▶ _To do_
In the listing below, a line holding "using fst_resolver_step_le unfolding" and a line holding "(resolver_conf (prefix (Suc" mark the range. Retype both exactly, with all lines between them.

▶ _Data to use_

lemma ratio_tail_exponents_le:
  fixes p q x :: real
  assumes "0 < q" "2 * q \<le> p"
  shows "q ^ 4 * x\<^sup>2 / (48 * p ^ 3) \<le> (x * q / 4)\<^sup>2 / (8 * p)"
    and "q ^ 4 * x\<^sup>2 / (48 * p ^ 3) \<le> (x * q\<^sup>2 / (3 * p))\<^sup>2 / (8 * q)"
proof -
  have "p > 0" using assms by simp
  have "q\<^sup>2 \<le> p\<^sup>2 / 4"
    using power_mono[of "2 * q" p 2] assms by (simp add: power_mult_distrib)
  have "q ^ 4 * x\<^sup>2 / (48 * p ^ 3) = q\<^sup>2 * (q\<^sup>2 * x\<^sup>2 / (48 * p ^ 3))"
    by (simp add: eval_nat_numeral)
  also have "\<dots> \<le> (p\<^sup>2 / 4) * (q\<^sup>2 * x\<^sup>2 / (48 * p ^ 3))"
    using \<open>q\<^sup>2 \<le> p\<^sup>2 / 4\<close> \<open>p > 0\<close> by (intro mult_right_mono) auto
  also have "\<dots> \<le> (x * q / 4)\<^sup>2 / (8 * p)"
    using \<open>p > 0\<close> \<open>q > 0\<close> by (simp add: field_simps eval_nat_numeral zero_le_mult_iff)
  finally show "q ^ 4 * x\<^sup>2 / (48 * p ^ 3) \<le> (x * q / 4)\<^sup>2 / (8 * p)" .
  have "q ^ 4 * x\<^sup>2 / (48 * p ^ 3) = q * (q ^ 3 * x\<^sup>2 / (48 * p ^ 3))"
    by (simp add: eval_nat_numeral)
  also have "\<dots> \<le> (p / 2) * (q ^ 3 * x\<^sup>2 / (48 * p ^ 3))"
    using assms \<open>p > 0\<close> by (intro mult_right_mono) auto
  also have "\<dots> \<le> (x * q\<^sup>2 / (3 * p))\<^sup>2 / (8 * q)"
    using \<open>p > 0\<close> \<open>q > 0\<close> by (simp add: field_simps eval_nat_numeral)
  finally show "q ^ 4 * x\<^sup>2 / (48 * p ^ 3) \<le> (x * q\<^sup>2 / (3 * p))\<^sup>2 / (8 * q)" .
qed

theorem lemma4p2:
  fixes M :: "'a measure" and \<xi> :: "nat \<Rightarrow> 'a \<Rightarrow> real"
    and m n :: nat and x :: real
  assumes "prob_space M"
    and "prob_space.indep_vars M (\<lambda>_. borel) \<xi> {1..}"
    and "\<And>i. i \<ge> 1 \<Longrightarrow> distributed M lborel (\<xi> i) std_normal_density"
    and "m \<ge> 1" and "n \<ge> 1" and "x > 0"
    and "real m \<le> real n / 2" and "x \<le> real n / real m"
  shows "measure M {\<omega> \<in> space M.
           \<bar>sq_partial_sum \<xi> n \<omega> / sq_partial_sum \<xi> m \<omega> - real n / real m\<bar> \<ge> x}
         \<le> 6 * exp (- ((real m)^4 * x\<^sup>2 / (48 * (real n)^3)))"
proof -
  interpret prob_space M by fact
  define K where "K = (real m)^4 * x\<^sup>2 / (48 * (real n)^3)"
  define t where "t = x * real m / 4"
  define s where "s = x * (real m)\<^sup>2 / (3 * real n)"
  have indep: "indep_vars (\<lambda>_. borel) \<xi> {1..k}" for k
    using assms(2) by (rule indep_vars_subset) auto
  have normal: "distributed M lborel (\<xi> i) std_normal_density" if "i \<in> {1..k}" for i k
    using assms(3) that by simp
  have [measurable]: "sq_partial_sum \<xi> k \<in> borel_measurable M" for k
    using distributed_measurable[OF normal] by (intro borel_measurable_sq_partial_sum) auto
  have "x * m \<le> n" using assms(4,8) by (simp add: field_simps)
  then have "t \<le> n" "s \<le> m"
    using assms(4-7) by (auto simp: t_def s_def field_simps power2_eq_square)
  have "{\<omega> \<in> space M. \<bar>sq_partial_sum \<xi> n \<omega> / sq_partial_sum \<xi> m \<omega> - n / m\<bar> \<ge> x}
     \<subseteq> {\<omega> \<in> space M. \<bar>sq_partial_sum \<xi> n \<omega> - n\<bar> \<ge> t} \<union> {\<omega> \<in> space M. \<bar>sq_partial_sum \<xi> m \<omega> - m\<bar> \<ge> s}"
    using abs_divide_diff_lt[of m n x] \<open>x * m \<le> n\<close> assms(4,5)
    by (fastforce simp: t_def s_def not_le[symmetric])
  then have "prob {\<omega> \<in> space M. \<bar>sq_partial_sum \<xi> n \<omega> / sq_partial_sum \<xi> m \<omega> - n / m\<bar> \<ge> x}
     \<le> prob {\<omega> \<in> space M. \<bar>sq_partial_sum \<xi> n \<omega> - n\<bar> \<ge> t} + prob {\<omega> \<in> space M. \<bar>sq_partial_sum \<xi> m \<omega> - m\<bar> \<ge> s}"
    by (intro order_trans[OF finite_measure_mono measure_Un_le]) auto
  also have "\<dots> \<le> 2 * exp (- t\<^sup>2 / (8 * real n)) + 2 * exp (- s\<^sup>2 / (8 * real m))"
    using \<open>t \<le> n\<close> \<open>s \<le> m\<close> assms(4-6)
    by (intro add_mono prob_sq_partial_sum_deviation_le indep normal) (auto simp: t_def s_def)
  also have "\<dots> \<le> 2 * exp (- K) + 2 * exp (- K)"
    using ratio_tail_exponents_le[of m n x] assms(4,7)
    unfolding K_def t_def s_def by (intro add_mono) auto
  also have "\<dots> \<le> 6 * exp (- K)" by simp
  finally show ?thesis by (simp add: K_def)
qed
definition resolver_conf :: "nat list \<Rightarrow> nat \<times> nat" where
  "resolver_conf xs = foldl resolver_step (0, 1) xs"

definition resolver_autA :: "nat list \<Rightarrow> nat \<times> nat \<times> nat" where
  "resolver_autA xs = (snd (resolver_conf (butlast xs)), last xs, snd (resolver_conf xs))"

lemma resolver_conf_snoc: "resolver_conf (xs @ [x]) = resolver_step (resolver_conf xs) x"
  by (simp add: resolver_conf_def)

lemma resolver_autA_snoc:
  "resolver_autA (xs @ [x]) = (snd (resolver_conf xs), x, snd (resolver_step (resolver_conf xs) x))"
  by (simp add: resolver_autA_def resolver_conf_snoc)

lemma fst_resolver_step_le: "fst c \<le> 1 \<Longrightarrow> fst (resolver_step c x) \<le> 1"
  by (cases c) (simp add: Let_def)

lemma snd_resolver_step: "snd (resolver_step c x) = (if x = fst (resolver_step c x) then 0 else 1)"
  by (cases c) (simp add: Let_def)

lemma resolver_step_switch:
  "fst (resolver_step c x) \<noteq> fst c \<Longrightarrow> snd c = 0 \<and> x = 1 - fst c"
  by (cases c) (auto simp: Let_def split: if_splits)

lemma resolver_step_safe_for:
  "fst c \<le> 1 \<Longrightarrow> safe_for (fst (resolver_step c x)) (snd c, x, snd (resolver_step c x))"
proof -
  obtain a s where c: "c = (a, s)"
    by fastforce
  assume "fst c \<le> 1"
  then have "1 - a \<noteq> a"
    using c by simp arith
  then show ?thesis
    using c by (auto simp: safe_for_def Let_def)
qed

lemma fst_resolver_conf_le: "fst (resolver_conf xs) \<le> 1"
proof (induction xs rule: rev_induct)
  case (snoc x xs)
  then show ?case
    using fst_resolver_step_le unfolding resolver_conf_snoc by blast
qed (simp add: resolver_conf_def)

lemma snd_resolver_conf: "snd (resolver_conf xs) \<in> {0, 1}"
  by (cases xs rule: rev_cases) (auto simp: resolver_conf_snoc resolver_conf_def snd_resolver_step)

lemma resolver_switch_factor:
  assumes "fst (resolver_conf (prefix (Suc i) w)) \<noteq> fst (resolver_conf (prefix i w))"
  shows "\<exists>j. i = Suc j \<and> w j = fst (resolver_conf (prefix i w)) \<and> w i = 1 - fst (resolver_conf (prefix i w))"
proof -
  have "snd (resolver_conf (prefix i w)) = 0" and wi: "w i = 1 - fst (resolver_conf (prefix i w))"
    using resolver_step_switch assms by (auto simp: resolver_conf_snoc subsequence_def)
  moreover from this obtain j where "i = Suc j"
    by (cases i) (simp_all add: resolver_conf_def)
  ultimately show ?thesis
    using snd_resolver_step by (auto simp: resolver_conf_snoc subsequence_def split: if_splits)
qed
(* Let $G$ be a finite abelian group, $M$ a $\hat G$-linear, left inductive monoid, and $e$ a non-zero idempotent of $M$. Then the $\mathcal J$-class $\mathcal J_e$ is an apex for the representation $P(e)$ (with the left translation action of $M$), and for its subrepresentation $P(e)e$.
   Context: $\hat G=G\sqcup\{0\}$ with $0$ absorbing. $\mathrm{Vect}_{\hat G}$: objects are finite pointed sets with an action of $\hat G$ ($0v=0$, $g0=0$) such that $G$ acts freely on nonzero elements; morphisms $f$ satisfy $f(0)=0$, $f(gv)=gf(v)$, $f(v_1)=f(v_2)\neq0\Rightarrow Gv_1=Gv_2$. A $\hat G$-linear monoid is a finite monoid $M$ with absorbing element $0_M$ containing $G$ as a subgroup of units commuting with all of $M$, with $G$ acting freely by translation on $M\setminus\{0_M\}$. $\mathrm{Rep}(M,\hat G)$: objects of $\mathrm{Vect}_{\hat G}$ with an $M$-action by morphisms of $\mathrm{Vect}_{\hat G}$, $0_M$ acting as zero and $g\in G$ as the scalar $g$. $\mathrm{Ann}_M(V)=\{x\in M: xV=0\}$. For $a\in M$, $J(a)=MaM$; $\mathcal J_a$ is the class of $a$ under $a\sim b\iff J(a)=J(b)$; a $\mathcal J$-class is regular if it contains an idempotent. $I(a)=\{x\in J(a):MxM\neq J(a)\}$; $P(a)=(J(a)\setminus I(a))\cup\{0\}$ with product $xy$ if $xy\in J(a)\setminus I(a)$, else $0$, and $M$ acts on $P(a)$ by left translation in the same way. $M$ is left inductive if $P(e)$ is an object of $\mathrm{Rep}(M,\hat G)$ under left translation for every idempotent $e$. $P(e)e=\{xe:x\in P(e)\}$ (product in $P(e)$), an $M$-stable subset. For a $\mathcal J$-class $J$, $I_J=\{x\in M: J\not\subseteq MxM\}$; a regular $\mathcal J$-class $J$ is an apex of $V$ if $\mathrm{Ann}_M(V)=I_J$. *)

theory Defs
  imports Main
begin

(* The finite monoid M is the whole (finite) type 'm; its absorbing element 0_M is the
   class constant 0 (mult_zero), its unit is 1.  G is a subset of M. *)

definition hat_linear_monoid :: "'m::{monoid_mult,mult_zero,finite} set \<Rightarrow> bool" where
  "hat_linear_monoid G \<longleftrightarrow>
     1 \<in> G \<and> (\<forall>g\<in>G. \<forall>h\<in>G. g * h \<in> G) \<and>
     (\<forall>g\<in>G. \<exists>h\<in>G. g * h = 1 \<and> h * g = 1) \<and>
     (\<forall>g\<in>G. \<forall>x. g * x = x * g) \<and>
     (\<forall>g\<in>G. \<forall>x. x \<noteq> 0 \<longrightarrow> g * x = x \<longrightarrow> g = 1)"

(* Objects of Vect_{hat G}: carrier V, base point z, action sc of hat G = G \<union> {0_M} *)
definition vect_obj :: "'m::{monoid_mult,mult_zero} set \<Rightarrow> 'v set \<Rightarrow> 'v \<Rightarrow> ('m \<Rightarrow> 'v \<Rightarrow> 'v) \<Rightarrow> bool" where
  "vect_obj G V z sc \<longleftrightarrow>
     finite V \<and> z \<in> V \<and>
     (\<forall>g\<in>G \<union> {0}. \<forall>v\<in>V. sc g v \<in> V) \<and>
     (\<forall>v\<in>V. sc 1 v = v) \<and>
     (\<forall>g\<in>G \<union> {0}. \<forall>h\<in>G \<union> {0}. \<forall>v\<in>V. sc (g * h) v = sc g (sc h v)) \<and>
     (\<forall>v\<in>V. sc 0 v = z) \<and> (\<forall>g\<in>G \<union> {0}. sc g z = z) \<and>
     (\<forall>g\<in>G. \<forall>v\<in>V. v \<noteq> z \<longrightarrow> sc g v = v \<longrightarrow> g = 1)"

definition vect_hom :: "'m::{monoid_mult,mult_zero} set \<Rightarrow> 'v set \<Rightarrow> 'v \<Rightarrow> ('m \<Rightarrow> 'v \<Rightarrow> 'v)
     \<Rightarrow> 'w set \<Rightarrow> 'w \<Rightarrow> ('m \<Rightarrow> 'w \<Rightarrow> 'w) \<Rightarrow> ('v \<Rightarrow> 'w) \<Rightarrow> bool" where
  "vect_hom G V zV scV W zW scW f \<longleftrightarrow>
     (\<forall>v\<in>V. f v \<in> W) \<and> f zV = zW \<and>
     (\<forall>g\<in>G \<union> {0}. \<forall>v\<in>V. f (scV g v) = scW g (f v)) \<and>
     (\<forall>v1\<in>V. \<forall>v2\<in>V. f v1 = f v2 \<and> f v1 \<noteq> zW \<longrightarrow>
        (\<lambda>g. scV g v1) ` G = (\<lambda>g. scV g v2) ` G)"

definition rep_obj :: "'m::{monoid_mult,mult_zero} set \<Rightarrow> 'v set \<Rightarrow> 'v \<Rightarrow> ('m \<Rightarrow> 'v \<Rightarrow> 'v)
     \<Rightarrow> ('m \<Rightarrow> 'v \<Rightarrow> 'v) \<Rightarrow> bool" where
  "rep_obj G V z sc act \<longleftrightarrow>
     vect_obj G V z sc \<and>
     (\<forall>m. vect_hom G V z sc V z sc (act m)) \<and>
     (\<forall>v\<in>V. act 1 v = v) \<and>
     (\<forall>m n. \<forall>v\<in>V. act (m * n) v = act m (act n v)) \<and>
     (\<forall>v\<in>V. act 0 v = z) \<and>
     (\<forall>g\<in>G. \<forall>v\<in>V. act g v = sc g v)"

definition Jideal :: "'m::monoid_mult \<Rightarrow> 'm set" where
  "Jideal a = {x * a * y | x y. True}"

definition Jclass :: "'m::monoid_mult \<Rightarrow> 'm set" where
  "Jclass a = {b. Jideal b = Jideal a}"

definition regular_Jclass :: "'m::monoid_mult set \<Rightarrow> bool" where
  "regular_Jclass Jc \<longleftrightarrow> (\<exists>e\<in>Jc. e * e = e)"

definition Ibelow :: "'m::monoid_mult \<Rightarrow> 'm set" where
  "Ibelow a = {x \<in> Jideal a. Jideal x \<noteq> Jideal a}"

definition Pset :: "'m::{monoid_mult,mult_zero} \<Rightarrow> 'm set" where
  "Pset a = (Jideal a - Ibelow a) \<union> {0}"

(* product in P(a), also the left translation action of M on P(a) *)
definition Pmul :: "'m::{monoid_mult,mult_zero} \<Rightarrow> 'm \<Rightarrow> 'm \<Rightarrow> 'm" where
  "Pmul a x y = (if x * y \<in> Jideal a - Ibelow a then x * y else 0)"

definition left_inductive :: "'m::{monoid_mult,mult_zero} set \<Rightarrow> bool" where
  "left_inductive G \<longleftrightarrow>
     (\<forall>e::'m. e * e = e \<longrightarrow> rep_obj G (Pset e) 0 (Pmul e) (Pmul e))"

definition PeSet :: "'m::{monoid_mult,mult_zero} \<Rightarrow> 'm set" where
  "PeSet e = (\<lambda>x. Pmul e x e) ` Pset e"

definition Ann :: "('m \<Rightarrow> 'v \<Rightarrow> 'v) \<Rightarrow> 'v set \<Rightarrow> 'v \<Rightarrow> 'm set" where
  "Ann act V z = {x. \<forall>v\<in>V. act x v = z}"

definition I_J :: "'m::monoid_mult set \<Rightarrow> 'm set" where
  "I_J Jc = {x. \<not> Jc \<subseteq> Jideal x}"

definition is_apex :: "'m::monoid_mult set \<Rightarrow> ('m \<Rightarrow> 'v \<Rightarrow> 'v) \<Rightarrow> 'v set \<Rightarrow> 'v \<Rightarrow> bool" where
  "is_apex Jc act V z \<longleftrightarrow> regular_Jclass Jc \<and> Ann act V z = I_J Jc"

end

theory Submission
  imports Defs
begin

(* An element x annihilates P(e) exactly when e is not in MxM.  If e = axb, then v = be is a
   nonzero element of P(e)e with xv in the J-class of e, so x does not even annihilate P(e)e; if e
   is not in MxM, no product xv lies in the J-class of e. *)

lemma mult_mem_Jideal: "a * x * b \<in> Jideal (x::'m::monoid_mult)"
  unfolding Jideal_def by blast

lemma self_mem_Jideal: "(x::'m::monoid_mult) \<in> Jideal x"
  using mult_mem_Jideal[of 1 x 1] by simp

lemma Jideal_subset: "(y::'m::monoid_mult) \<in> Jideal x \<Longrightarrow> Jideal y \<subseteq> Jideal x"
  unfolding Jideal_def by (auto simp: mult.assoc) (metis mult.assoc)

lemma mem_Jideal_diff_Ibelow:
  fixes x y :: "'m::monoid_mult"
  assumes "y \<in> Jideal x" and "x \<in> Jideal y"
  shows "y \<in> Jideal x - Ibelow x"
  using assms Jideal_subset unfolding Ibelow_def by blast

lemma mem_I_J_Jclass_iff: "x \<in> I_J (Jclass e) \<longleftrightarrow> (e::'m::monoid_mult) \<notin> Jideal x"
proof
  assume "x \<in> I_J (Jclass e)"
  then obtain b where "Jideal b = Jideal e" "b \<notin> Jideal x"
    unfolding I_J_def Jclass_def by auto
  then show "e \<notin> Jideal x" using Jideal_subset self_mem_Jideal by blast
next
  assume "e \<notin> Jideal x"
  then show "x \<in> I_J (Jclass e)" unfolding I_J_def Jclass_def using self_mem_Jideal by blast
qed

lemma regular_Jclass_idempotent: "(e::'m::monoid_mult) * e = e \<Longrightarrow> regular_Jclass (Jclass e)"
  unfolding regular_Jclass_def Jclass_def by blast

lemma Pmul_eq_mult: "x * y \<in> Jideal a - Ibelow a \<Longrightarrow> Pmul a x y = x * y"
  unfolding Pmul_def by simp

lemma PeSet_subset_Pset: "PeSet e \<subseteq> Pset (e::'m::{monoid_mult,mult_zero})"
  unfolding PeSet_def Pset_def Pmul_def by auto

lemma Pmul_eq_zero_if_not_mem_Jideal:
  fixes e :: "'m::{monoid_mult,mult_zero}"
  assumes "e \<notin> Jideal x"
  shows "Pmul e x v = 0"
proof (rule ccontr)
  assume "Pmul e x v \<noteq> 0"
  then have "Jideal (x * v) = Jideal e"
    unfolding Pmul_def Ibelow_def by (auto split: if_splits)
  moreover have "x * v \<in> Jideal x" using mult_mem_Jideal[of 1 x v] by simp
  ultimately show False using assms Jideal_subset self_mem_Jideal by blast
qed

lemma PeSet_not_annihilated:
  fixes e :: "'m::{monoid_mult,mult_zero}"
  assumes idem: "e * e = e" and nonzero: "e \<noteq> 0" and "e \<in> Jideal x"
  shows "\<exists>v\<in>PeSet e. Pmul e x v \<noteq> 0"
proof -
  obtain a b where e_eq: "e = a * x * b" using \<open>e \<in> Jideal x\<close> unfolding Jideal_def by auto
  define v where "v = b * e"
  have e_via_v: "e = (a * x) * v * 1" and e_via_xv: "e = a * (x * v) * 1"
    using e_eq idem by (simp_all add: v_def mult.assoc)
  have "v = b * e * 1" and "x * v = (x * b) * e * 1"
    by (simp_all add: v_def mult.assoc)
  then have v_J: "v \<in> Jideal e" and xv_J: "x * v \<in> Jideal e"
    by (metis mult_mem_Jideal)+
  have "e \<in> Jideal v" and "e \<in> Jideal (x * v)"
    using e_via_v e_via_xv by (metis mult_mem_Jideal)+
  then have v_P: "v \<in> Jideal e - Ibelow e" and xv_P: "x * v \<in> Jideal e - Ibelow e"
    using v_J xv_J mem_Jideal_diff_Ibelow by blast+
  have "Pmul e v e = v"
    using v_P idem by (simp add: Pmul_eq_mult v_def mult.assoc)
  moreover have "v \<in> Pset e" using v_P unfolding Pset_def by simp
  ultimately have "v \<in> PeSet e" unfolding PeSet_def by force
  moreover have "x * v \<noteq> 0" using e_via_xv nonzero by auto
  then have "Pmul e x v \<noteq> 0" using xv_P by (simp add: Pmul_eq_mult)
  ultimately show ?thesis by blast
qed

lemma Ann_Pmul_eq_I_J:
  fixes e :: "'m::{monoid_mult,mult_zero}"
  assumes "e * e = e" and "e \<noteq> 0" and "PeSet e \<subseteq> V"
  shows "Ann (Pmul e) V 0 = I_J (Jclass e)"
  using PeSet_not_annihilated[OF assms(1,2)] assms(3) Pmul_eq_zero_if_not_mem_Jideal
  unfolding Ann_def mem_I_J_Jclass_iff set_eq_iff by blast

lemma is_apex_Pmul:
  fixes e :: "'m::{monoid_mult,mult_zero}"
  assumes "e * e = e" and "e \<noteq> 0" and "PeSet e \<subseteq> V"
  shows "is_apex (Jclass e) (Pmul e) V 0"
  using assms regular_Jclass_idempotent Ann_Pmul_eq_I_J unfolding is_apex_def by blast

theorem mainTheorem7:
  fixes G :: "'m::{monoid_mult,mult_zero,finite} set" and e :: 'm
  assumes "hat_linear_monoid G"
    and "left_inductive G"
    and "e * e = e" and "e \<noteq> 0"
  shows "is_apex (Jclass e) (Pmul e) (Pset e) 0 \<and> is_apex (Jclass e) (Pmul e) (PeSet e) 0"
  using is_apex_Pmul[OF assms(3,4) PeSet_subset_Pset] is_apex_Pmul[OF assms(3,4) order_refl]
  by blast

end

▶ _Reply_
    using fst_resolver_step_le unfolding resolver_conf_snoc by blast
qed (simp add: resolver_conf_def)

lemma snd_resolver_conf: "snd (resolver_conf xs) \<in> {0, 1}"
  by (cases xs rule: rev_cases) (auto simp: resolver_conf_snoc resolver_conf_def snd_resolver_step)

lemma resolver_switch_factor:
  assumes "fst (resolver_conf (prefix (Suc i) w)) \<noteq> fst (resolver_conf (prefix i w))"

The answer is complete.